05. Mar, 2011

Never a dull moment!

Never a dull moment!

We are currently in Belize and leave soon for our last hop over to Guatemala where we will head up the Rio Dulce river and where, with mixed feelings, we will bid farewell to Pako. As if in anticipation Pako has thrown us a few curved balls over the last couple weeks to keep us on our toes! There are four words we have used OFTEN on this trip at the end of the day (generally with a stiff drink in hand)…. ‘never a dull moment!’

Two recent ‘never a dull moments’ are worth a mention. The first was as we were weaving our way down the shallow waters of Belize, we were approaching a narrow cut between two islands which required us to turn on the engine to motor through. Unfortunately after a few splutters our engine died and refused to come back to life.
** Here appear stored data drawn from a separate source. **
text \<open>Maximal block factorization of a monomial into pure nonempty blocks.\<close>
fun blocks :: "letter list \<Rightarrow> letter list list" where
  "blocks [] = []"
| "blocks (a # w) = (case blocks w of [] \<Rightarrow> [[a]]
      | u # us \<Rightarrow> if hd u = a then (a # u) # us else [a] # u # us)"

definition bdelta :: "(letter list \<Rightarrow> complex) \<Rightarrow> letter \<Rightarrow> letter list \<Rightarrow> complex" where
  "bdelta \<theta> a w = (if w = [] then 1
     else if hd w = a \<and> last w = a then bcum \<theta> (map (\<lambda>x. [x]) w) else 0)"

definition bblock :: "(letter list \<Rightarrow> complex) \<Rightarrow> letter \<Rightarrow> letter list \<Rightarrow> complex" where
  "bblock \<theta> a w = (if w = [] then 1
     else if hd w = a \<and> last w = a then bcum \<theta> (blocks w) else 0)"

text \<open>A word starting with Y (or empty), Y1 X1 ... Yn Xn, parsed into the pairs (Yi, Xi).\<close>
lemma parse_dec:
  "w \<noteq> [] \<Longrightarrow> length (dropWhile (\<lambda>c. c = LX) (dropWhile (\<lambda>c. c = LY) w)) < length w"
proof (cases w)
  case (Cons a w')
  then show ?thesis
    using length_dropWhile_le[of "\<lambda>c. c = LX" w'] length_dropWhile_le[of "\<lambda>c. c = LY" w']
          length_dropWhile_le[of "\<lambda>c. c = LX" "dropWhile (\<lambda>c. c = LY) w'"]
    by (cases a) auto
qed simp

function parse_pairs :: "letter list \<Rightarrow> (letter list \<times> letter list) list" where
  "parse_pairs w = (if w = [] then [] else
     (let y = takeWhile (\<lambda>c. c = LY) w; r = dropWhile (\<lambda>c. c = LY) w;
          x = takeWhile (\<lambda>c. c = LX) r; r' = dropWhile (\<lambda>c. c = LX) r
      in (y, x) # parse_pairs r'))"
  by pat_completeness auto
termination
  by (relation "Wellfounded.measure length") (auto intro: parse_dec)

text \<open>Tokens Y_a, X_a, ..., X_{b-1}, Y_b of a group of consecutive pairs.\<close>
definition gtok :: "(letter list \<times> letter list) list \<Rightarrow> letter list list" where
  "gtok ps = butlast (concat (map (\<lambda>(y, x). [y, x]) ps))"

text \<open>Sum over all cuts 0 = i_0 < ... < i_{p+1} = n of the pairs into consecutive groups.\<close>
function Ggrp :: "(letter list \<Rightarrow> complex) \<Rightarrow> (letter list \<times> letter list) list \<Rightarrow> ncpoly" where
  "Ggrp \<psi> ps = (if ps = [] then 1 else
     (\<Sum>k\<in>{1..length ps}. pc (bcum \<psi> (gtok (take k ps))) * mono (snd (last (take k ps)))
                             * Ggrp \<psi> (drop k ps)))"
  by pat_completeness auto
termination by (relation "Wellfounded.measure (\<lambda>(_, ps). length ps)") auto

definition Epsi :: "(letter list \<Rightarrow> complex) \<Rightarrow> letter list \<Rightarrow> ncpoly" where
  "Epsi \<psi> w = mono (takeWhile (\<lambda>c. c = LX) w) * Ggrp \<psi> (parse_pairs (dropWhile (\<lambda>c. c = LX) w))"

function Ephi :: "(letter list \<Rightarrow> complex) \<Rightarrow> (letter list \<Rightarrow> complex) \<Rightarrow> letter list \<Rightarrow> ncpoly" where
  "Ephi \<phi> \<psi> w =
    (if set w \<subseteq> {LX} then mono w
     else if set w \<subseteq> {LY} then pc (\<phi> w)
     else if hd w = LY then
       pc (bblock \<phi> LY w)
       + (\<Sum>k\<in>{k\<in>{1..<length w}. w ! k = LX}. pc (bblock \<phi> LY (take k w)) * Ephi \<phi> \<psi> (drop k w))
     else
       Epsi \<psi> w
       + (\<Sum>k\<in>{k\<in>{1..<length w}. w ! k = LY}.
            pc (bblock \<phi> LX (take k w)) * (Ephi \<phi> \<psi> (drop k w) - Epsi \<psi> (drop k w))))"
  by pat_completeness auto
termination by (relation "Wellfounded.measure (\<lambda>(_, _, w). length w)") auto

section \<open>Matrices (N x N, N = CARD('n)) and formal power series in z\<close>

fun mpow :: "ncpoly^'n::finite^'n \<Rightarrow> nat \<Rightarrow> ncpoly^'n^'n" where
  "mpow M 0 = mat 1"
| "mpow M (Suc k) = M ** mpow M k"

definition mapm :: "('a \<Rightarrow> 'b) \<Rightarrow> 'a^'n^'m \<Rightarrow> 'b^'n^'m" where
  "mapm f M = (\<chi> i j. f (M $ i $ j))"

definition liftm :: "complex^'n^'m \<Rightarrow> ncpoly^'n^'m" where
  "liftm M = mapm pc M"

type_synonym ('n) mps = "nat \<Rightarrow> ncpoly^'n^'n"

definition sone :: "('n::finite) mps" where
  "sone k = (if k = 0 then mat 1 else 0)"

definition smult :: "('n::finite) mps \<Rightarrow> ('n::finite) mps \<Rightarrow> ('n::finite) mps" where
  "smult P Q k = (\<Sum>i\<le>k. P i ** Q (k - i))"

definition sinv :: "('n::finite) mps \<Rightarrow> ('n::finite) mps" where
  "sinv P = (THE Q. smult P Q = sone \<and> smult Q P = sone)"

definition zs :: "('n::finite) mps \<Rightarrow> ('n::finite) mps" where
  "zs P k = (if k = 0 then 0 else P (k - 1))"

text \<open>AX + BY as a matrix over C<X,Y>, and Psi = sum_n z^n (AX+BY)^n.\<close>
definition AXBY :: "complex^'n^'n \<Rightarrow> complex^'n^'n \<Rightarrow> ncpoly^'n^'n" where
  "AXBY A B = (\<chi> i j. pc (A $ i $ j) * mono [LX] + pc (B $ i $ j) * mono [LY])"

definition Psi :: "complex^'n^'n \<Rightarrow> complex^'n^'n \<Rightarrow> ('n::finite) mps" where
  "Psi A B k = mpow (AXBY A B) k"

text \<open>F = beta^{delta,theta}_a (a Psi), coefficientwise and entrywise.\<close>
definition Fd :: "(letter list \<Rightarrow> complex) \<Rightarrow> letter \<Rightarrow> complex^'n^'n \<Rightarrow> complex^'n^'n
    \<Rightarrow> nat \<Rightarrow> complex^'n^'n" where
  "Fd \<theta> a A B k = mapm (\<lambda>p. lin (bdelta \<theta> a) (mono [a] * p)) (Psi A B k)"

end

theory Submission
  imports Defs
begin

text \<open>Both sides are generating series \<open>\<Sum>\<^sub>w z\<^bsup>|w|\<^esup> M\<^sub>w \<otimes> f(w)\<close> over words \<open>w\<close> in \<open>X, Y\<close>, where \<open>M\<^sub>w\<close> is
  the product of the matrices \<open>A\<close>, \<open>B\<close> read off from \<open>w\<close>; such series multiply by convolving their
  coefficient functions \<open>f\<close>. The theorem thus reduces to two convolution identities on words, which
  are recursions for \<open>E\<^sup>\<phi>\<^sub>X\<close> and \<open>E\<^sup>\<psi>\<^sub>X\<close> driven by the Boolean cumulants \<open>\<beta>\<^sup>\<delta>\<close> of single letters.
  The defining recursions of \<open>E\<^sup>\<phi>\<^sub>X\<close> and \<open>E\<^sup>\<psi>\<^sub>X\<close> use the block cumulants \<open>\<beta>\<^sup>b\<close> instead, and the two
  kinds of cumulants are related as soon as cumulants of letters whose first and last letter
  differ vanish. This vanishing is where c-freeness enters: writing \<open>\<beta>\<^sub>n(u\<^sub>1, \<dots>, u\<^sub>n)\<close> as \<open>\<theta>\<close>
  applied to the nested centering \<open>(\<dots>((u\<^sub>1 - \<theta> u\<^sub>1) u\<^sub>2 - \<dots>) \<dots>) u\<^sub>n\<close>, the nested centering of a word
  of letters is a sum of alternating products of centered elements, which \<open>\<phi>\<close> and \<open>\<psi>\<close> annihilate,
  plus a constant that vanishes when the first and last letter differ.\<close>

section \<open>Noncommutative polynomials and linear extensions\<close>

lemma mono_mult: "mono u * mono v = mono (u @ v)"
  by (simp add: mono_def mult_single plus_nword_def)

lemma mono_Nil [simp]: "mono [] = 1"
  by (simp add: mono_def flip: zero_nword_def)

lemma pc_0 [simp]: "pc 0 = 0"
  by (simp add: pc_def)

lemma pc_1 [simp]: "pc 1 = 1"
  by (simp add: pc_def)

lemma pc_mult: "pc a * pc b = pc (a * b)"
  by (simp add: pc_def mult_single)

lemma pc_add: "pc (a + b) = pc a + pc b"
  by (simp add: pc_def single_add)

lemma pc_uminus: "pc (- a) = - pc a"
  by (simp add: pc_def single_uminus)

lemma pc_sum: "pc (sum f S) = (\<Sum>x\<in>S. pc (f x))"
  by (induction S rule: infinite_finite_induct) (auto simp: pc_add)

lemma lookup_pc_mult: "Poly_Mapping.lookup (pc c * p) w = c * Poly_Mapping.lookup p w"
  by (simp add: pc_def flip: mult_map_scale_conv_mult) (simp add: map.rep_eq when_def)

lemma lookup_mult_pc: "Poly_Mapping.lookup (p * pc c) w = Poly_Mapping.lookup p w * c"
proof -
  have "(\<Sum>v. Poly_Mapping.lookup (pc c) v when w = u + v) = Sum_any (\<lambda>v::nword. if v = 0 then (c when w = u) else 0)" for u
    by (rule Sum_any.cong) (simp add: pc_def lookup_single when_def)
  then have "(\<Sum>v. Poly_Mapping.lookup (pc c) v when w = u + v) = (c when w = u)" for u
    by simp
  then show ?thesis
    by (simp add: lookup_mult mult_when)
qed

lemma pc_central: "pc c * p = p * pc c"
  by (rule poly_mapping_eqI) (simp add: lookup_pc_mult lookup_mult_pc mult.commute)
(* Fix a constant $c>0$. The class $\mathcal{A}_c$ of bucket-based sorting algorithms, viewed as functions on arrays $x\in\mathbb{R}^n$ via $x\mapsto\mathrm{cost}(A,x)$ (the number of comparisons used by $A$ on $x$), has pseudo-dimension $O(n^{1+c})$.
   Context: A bucket-based sorting algorithm in $\mathcal{A}_c$ (for sorting $n$ reals $a_1,\dots,a_n$ in the comparison model) is specified by: (i) $n$ bucket boundaries $b_1<b_2<\dots<b_n$; (ii) for each $i=1,\dots,n$, a search tree $T_i$ described by $O(n^c)$ bits used to place element $a_i$ into its correct bucket (a search not resolved by $T_i$ is completed by standard binary search over the buckets). The algorithm distributes each element into its bucket this way, sorts each bucket with InsertionSort, and concatenates. Pseudo-dimension: a finite set $\{x_1,\dots,x_m\}$ is shattered by a class $\mathcal{H}$ of real functions if there exist reals $r_i$ such that for every $T\subseteq\{1,\dots,m\}$ some $h\in\mathcal{H}$ has $h(x_i)>r_i\iff i\in T$; the pseudo-dimension is the largest size of a shattered set. *)

theory Defs
  imports Complex_Main "HOL-Library.Extended_Real"
begin

definition shatters :: "('a \<Rightarrow> real) set \<Rightarrow> 'a set \<Rightarrow> bool" where
  "shatters H X \<longleftrightarrow> finite X \<and>
     (\<exists>r :: 'a \<Rightarrow> real. \<forall>T \<subseteq> X. \<exists>h \<in> H. \<forall>x \<in> X. (h x > r x \<longleftrightarrow> x \<in> T))"
definition crossed_vert :: "gc \<Rightarrow> int \<Rightarrow> real \<Rightarrow> bool" where
  "crossed_vert w n1 n2 \<longleftrightarrow>
     (\<exists>x y. x \<in> box_sites n1 \<and> y \<in> box_sites n1 \<and> open_path w (box_sites n1) 0 x n2 y)"

definition crossed_horiz :: "gc \<Rightarrow> int \<Rightarrow> real \<Rightarrow> bool" where
  "crossed_horiz w n1 n2 \<longleftrightarrow>
     (\<exists>t1 t2. 0 \<le> t1 \<and> t1 < t2 \<and> t2 \<le> n2 \<and> open_path w (box_sites n1) t1 0 t2 n1)"

end

(* Let H = n powr ((2 - \<delta>) / (2 * (1 - \<delta>))) and m = ceiling H. The columns [0, W] with
   W = w(m) <= c m^(1-\<delta>) <= 2 c n^(1-\<delta>/2) fit about n^(\<delta>/2) / (2c + 1) times disjointly
   into [0, n]. By translation invariance each translated column is crossed vertically up to
   time m >= H with probability at least p, and these events are independent since they are
   determined by the Poisson processes of disjoint sets of sites. Stopping such a crossing at
   time H crosses [0, n] x [0, H], so the box fails to be crossed with probability at most
   (1 - p)^(number of columns), which is exponentially small in n^(\<delta>/2). *)

theory Submission
  imports Defs
begin

lemma open_path_cong_sites:
  assumes "\<And>z k i. z \<in> S \<Longrightarrow> w (z, k, i) = w' (z, k, i)"
  shows "open_path w S s x t y \<longleftrightarrow> open_path w' S s x t y"
proof -
  have marks_eq: "marks w z k = marks w' z k" if "z \<in> S" for z k
    using assms that unfolding marks_def by simp
  have "open_path v' S s x t y"
    if op: "open_path v S s x t y" and eq: "\<And>z k. z \<in> S \<Longrightarrow> marks v z k = marks v' z k"
    for v v' :: gc
  proof -
    from op obtain k xs ts where "s \<le> t" "ts 0 = s" "ts (Suc k) = t" "xs 0 = x" "xs k = y"
      and steps: "\<forall>i\<le>k. ts i \<le> ts (Suc i) \<and> xs i \<in> S \<and>
                   (\<forall>u. ts i < u \<and> u \<le> ts (Suc i) \<longrightarrow> \<not> recovery v (xs i) u)"
      and jumps: "\<forall>i<k. arrow v (xs i) (xs (Suc i)) (ts (Suc i))"
      unfolding open_path_def by blast
    moreover have "\<forall>i\<le>k. \<forall>u. ts i < u \<and> u \<le> ts (Suc i) \<longrightarrow> \<not> recovery v' (xs i) u"
      using steps eq unfolding recovery_def by metis
    moreover have "\<forall>i<k. arrow v' (xs i) (xs (Suc i)) (ts (Suc i))"
      using steps jumps eq unfolding arrow_def by (metis less_imp_le_nat)
    ultimately show ?thesis unfolding open_path_def by blast
  qed
  then show ?thesis using marks_eq by metis
qed

lemma open_path_mono_sites:
  "open_path w S s x t y \<Longrightarrow> S \<subseteq> S' \<Longrightarrow> open_path w S' s x t y"
  unfolding open_path_def by blast

lemma open_path_endpoints:
  assumes "open_path w S s x t y"
  shows "x \<in> S" "y \<in> S"
  using assms unfolding open_path_def by (metis le0 order_refl)+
Without an engine, and approaching a narrow shallow cut we were only left with one option as the winds were not in our favour to get through the main channel. We had to sail through a narrow gap on the opposite side with a charted depth of 0.5ft less than our 5.5ft draft!

Luckily the tides were in our favour but even so the depth gauge dropped to 5ft and the alarm was going mad as we skimmed our way through, leaving a muddy wake behind us… Next challenge was getting into a harbour with no engine but luckily we sailed to the harbour entrance and finally some friendly staff came to our rescue and offered us a tow in! Not a moment too soon as we were getting blown very close to some nasty rocks ashore.

Then about a week later with a repaired engine we ventured off to the beautiful Sapodilla Islands in the south of Belize. As we are approaching our anchorage we managed to hook a nice fish, but not surprisingly drama was to follow. As we pulled in the fish, in a last frantic attempt to save its life, it flapped madly and managed to get the large lure hook straight through my finger! We now had a flapping fish and my finger attached to the lure, and Nicky had to use her vice grip to pin the fish down to avoid my finger getting ripped open. We finally managed to remove the hook from the lure, but then with no pliers on board strong enough to cut the hook bard off we were forced to sail another hour to a nearby island (with a small settlement) with the hook still firmly embedded through my finger.

After some desperate radioing by Nicky we were met by one of the locals as we anchored and they whisked me to land on their boat for ‘surgery’. The operating theatre was a chair under a coconut tree and the procedure involved some solid bolt cutters and lots of sympathetic bystanders! Never felt such relief in my life!

I was then given a lift back to the boat where Nicky was still heroically battling to lay a second anchor on her own as we were dragging anchor and getting dangerously close to a shallow reef. It was hard not to burst out laughing at this stage as Nicky was frantically paddling little Pakotini with anchor in tow, trying to reach Pako. Aah man… never a dull moment for true!